◆ **INSTRUCTIONS FOR THE TASK**
Go through the data below line by line and report how many lines contain "then", giving only that figure.

◆ **DATASET RECORDS**
lemma avg_edge_perm_corr_eq_gamma:
  assumes "2 * m \<le> n" "j < m" "x \<in> {1..n}" "y \<in> {1..n}" "x \<noteq> y"
  shows "avg (perms {1..n}) (\<lambda>q. avg (perms {1..n}) (\<lambda>r.
           \<bar>perm_corr {1..n} k w u (q \<circ> cube_perm m \<epsilon> \<circ> r)
            - perm_corr {1..n} k w u (q \<circ> cube_perm m (flip j \<epsilon>) \<circ> r)\<bar>))
         = gamma {1..n} k x y w u"
proof -
  let ?Y = "perm_corr {1..n} k w u" and ?\<tau> = "transpose (2 * j + 1) (2 * j + 2)"
  have "avg (perms {1..n}) (\<lambda>q. avg (perms {1..n}) (\<lambda>r.
          \<bar>?Y (q \<circ> cube_perm m \<epsilon> \<circ> r) - ?Y (q \<circ> cube_perm m (flip j \<epsilon>) \<circ> r)\<bar>))
      = avg (perms {1..n}) (\<lambda>q. (\<lambda>q. avg (perms {1..n}) (\<lambda>r. \<bar>?Y (q \<circ> r) - ?Y (q \<circ> ?\<tau> \<circ> r)\<bar>))
          (q \<circ> cube_perm m \<epsilon>))"
    using assms(2) by (simp add: cube_perm_flip o_assoc)
  also have "\<dots> = avg (perms {1..n}) (\<lambda>q. avg (perms {1..n}) (\<lambda>r. \<bar>?Y (q \<circ> r) - ?Y (q \<circ> ?\<tau> \<circ> r)\<bar>))"
    by (rule avg_perms_compose_right[OF cube_perm_permutes[OF assms(1)]])
  also have "\<dots> = gamma {1..n} k (2 * j + 1) (2 * j + 2) w u"
    using assms(1,2) by (simp add: gamma_eq_avg_perm_corr)
  also have "\<dots> = gamma {1..n} k x y w u"
    using assms by (intro gamma_independent) auto
  finally show ?thesis .
qed

lemma avg_abs_perm_corr_cube_perm:
  assumes "2 * m \<le> n"
  shows "avg (perms {1..n}) (\<lambda>q. avg (perms {1..n}) (\<lambda>r.
           \<bar>perm_corr {1..n} k w u (q \<circ> cube_perm m \<epsilon> \<circ> r)\<bar>))
         = avg (perms {1..n}) (\<lambda>p. \<bar>perm_corr {1..n} k w u p\<bar>)"
proof -
  let ?P = "perms {1..n}" and ?Y = "perm_corr {1..n} k w u"
  have fin: "finite ?P"
    by (simp add: perms_def finite_permutations)
  have nonempty: "?P \<noteq> {}"
    unfolding perms_def using permutes_id by blast
  have "avg ?P (\<lambda>q. avg ?P (\<lambda>r. \<bar>?Y (q \<circ> cube_perm m \<epsilon> \<circ> r)\<bar>))
      = avg ?P (\<lambda>q. avg ?P (\<lambda>r. \<bar>?Y (q \<circ> r)\<bar>))"
    by (rule avg_perms_compose_right[OF cube_perm_permutes[OF assms]])
  also have "\<dots> = avg ?P (\<lambda>_. avg ?P (\<lambda>p. \<bar>?Y p\<bar>))"
    by (intro avg_cong avg_perms_compose_left) (simp add: perms_def)
  also have "\<dots> = avg ?P (\<lambda>p. \<bar>?Y p\<bar>)"
    by (rule avg_const[OF fin nonempty])
  finally show ?thesis .
qed

lemma gamma_le_avg_abs_perm_corr:
  assumes "2 * m \<le> n" "x \<in> {1..n}" "y \<in> {1..n}" "x \<noteq> y"
  shows "real m * gamma {1..n} k x y w u
           \<le> 2 * 3 ^ k * sqrt (real k * real m) * avg (perms {1..n}) (\<lambda>p. \<bar>perm_corr {1..n} k w u p\<bar>)"
proof -
  let ?P = "perms {1..n}" and ?Y = "perm_corr {1..n} k w u"
  define C where "C = 2 * 3 ^ k * sqrt (real k * real m)"
  have edge: "(\<Sum>j<m. \<Sum>\<epsilon>\<in>cube m. \<bar>?Y (q \<circ> cube_perm m \<epsilon> \<circ> r) - ?Y (q \<circ> cube_perm m (flip j \<epsilon>) \<circ> r)\<bar>)
      \<le> C * (\<Sum>\<epsilon>\<in>cube m. \<bar>?Y (q \<circ> cube_perm m \<epsilon> \<circ> r)\<bar>)" for q r
    unfolding C_def
    by (rule sum_abs_flip_diff_le[where f="\<lambda>\<epsilon>. ?Y (q \<circ> cube_perm m \<epsilon> \<circ> r)"])
      (simp add: degree_le_perm_corr)
  have "real m * 2 ^ m * gamma {1..n} k x y w u = (\<Sum>j<m. \<Sum>\<epsilon>\<in>cube m. gamma {1..n} k x y w u)"
    by (simp add: card_cube)
  also have "\<dots> = (\<Sum>j<m. \<Sum>\<epsilon>\<in>cube m. avg ?P (\<lambda>q. avg ?P (\<lambda>r.
          \<bar>?Y (q \<circ> cube_perm m \<epsilon> \<circ> r) - ?Y (q \<circ> cube_perm m (flip j \<epsilon>) \<circ> r)\<bar>)))"
    using avg_edge_perm_corr_eq_gamma[OF assms(1) _ assms(2-4)] by (intro sum.cong) auto
  also have "\<dots> = avg ?P (\<lambda>q. avg ?P (\<lambda>r. \<Sum>j<m. \<Sum>\<epsilon>\<in>cube m.
          \<bar>?Y (q \<circ> cube_perm m \<epsilon> \<circ> r) - ?Y (q \<circ> cube_perm m (flip j \<epsilon>) \<circ> r)\<bar>))"
    by (simp add: avg_sum)
  also have "\<dots> \<le> avg ?P (\<lambda>q. avg ?P (\<lambda>r. C * (\<Sum>\<epsilon>\<in>cube m. \<bar>?Y (q \<circ> cube_perm m \<epsilon> \<circ> r)\<bar>)))"
    by (intro avg_mono edge)
  also have "\<dots> = C * (\<Sum>\<epsilon>\<in>cube m. avg ?P (\<lambda>q. avg ?P (\<lambda>r. \<bar>?Y (q \<circ> cube_perm m \<epsilon> \<circ> r)\<bar>)))"
    by (simp add: avg_sum avg_mult_left)
  also have "\<dots> = 2 ^ m * (C * avg ?P (\<lambda>p. \<bar>?Y p\<bar>))"
    using avg_abs_perm_corr_cube_perm[OF assms(1)] by (simp add: card_cube)
  finally show ?thesis
    by (simp add: C_def ac_simps)
qed

lemma gamma_sqrt_le_avg_abs_inner_k:
  assumes "x \<in> {1..n}" "y \<in> {1..n}" "x \<noteq> y"
  shows "gamma {1..n} k x y w u * sqrt (real n)
           \<le> 4 * 3 ^ k * sqrt (real k) * avg (perms {1..n}) (\<lambda>p. \<bar>inner_k {1..n} k (perm_act p w) u\<bar>)"
proof -
  define m where "m = n div 2"
  define A where "A = avg (perms {1..n}) (\<lambda>p. \<bar>perm_corr {1..n} k w u p\<bar>)"
  let ?\<gamma> = "gamma {1..n} k x y w u"
  have m: "1 \<le> m" "2 * m \<le> n" "real n \<le> 4 * real m"
    using assms by (auto simp: m_def)
  have "sqrt (real m) * (sqrt (real m) * ?\<gamma>) = real m * ?\<gamma>"
    by (simp flip: mult.assoc)
  also have "\<dots> \<le> sqrt (real m) * (2 * 3 ^ k * sqrt (real k) * A)"
    using gamma_le_avg_abs_perm_corr[OF m(2) assms] by (simp add: A_def real_sqrt_mult ac_simps)
  finally have "sqrt (real m) * ?\<gamma> \<le> 2 * 3 ^ k * sqrt (real k) * A"
    using m(1) by simp
  have "?\<gamma> * sqrt (real n) \<le> ?\<gamma> * (2 * sqrt (real m))"
    using real_sqrt_le_mono[OF m(3)]
    by (intro mult_left_mono) (simp_all add: real_sqrt_mult gamma_nonneg)
  also have "\<dots> \<le> 2 * (2 * 3 ^ k * sqrt (real k) * A)"
    using mult_left_mono[OF \<open>sqrt (real m) * ?\<gamma> \<le> 2 * 3 ^ k * sqrt (real k) * A\<close>, of 2]
    by (simp add: ac_simps)
  finally have "?\<gamma> * sqrt (real n) \<le> 4 * 3 ^ k * sqrt (real k) * A"
    by simp
  then show ?thesis
    by (simp add: A_def avg_abs_inner_k_perm_act)
qed

theorem lemma4p2:
  fixes k :: nat
  assumes "k \<ge> 1"
  shows "\<exists>c>0. \<forall>n::nat. \<forall>w u :: nat set \<Rightarrow> real. \<forall>x y.
           n \<ge> k \<longrightarrow> x \<in> {1..n} \<longrightarrow> y \<in> {1..n} \<longrightarrow> x \<noteq> y \<longrightarrow>
           avg (perms {1..n}) (\<lambda>p. \<bar>inner_k {1..n} k (perm_act p w) u\<bar>)
             \<ge> c * gamma {1..n} k x y w u * sqrt (real n)"
proof (intro exI conjI allI impI)
  let ?C = "4 * 3 ^ k * sqrt (real k)"
  show "1 / ?C > 0"
    using assms by simp
  fix n x y :: nat and w u :: "nat set \<Rightarrow> real"
  assume "x \<in> {1..n}" "y \<in> {1..n}" "x \<noteq> y"
  then have "gamma {1..n} k x y w u * sqrt (real n)
      \<le> ?C * avg (perms {1..n}) (\<lambda>p. \<bar>inner_k {1..n} k (perm_act p w) u\<bar>)"
    by (rule gamma_sqrt_le_avg_abs_inner_k)
  then show "1 / ?C * gamma {1..n} k x y w u * sqrt (real n)
      \<le> avg (perms {1..n}) (\<lambda>p. \<bar>inner_k {1..n} k (perm_act p w) u\<bar>)"
    using assms by (simp add: field_simps)
qed

end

◆ **EXERCISE RESULT**
3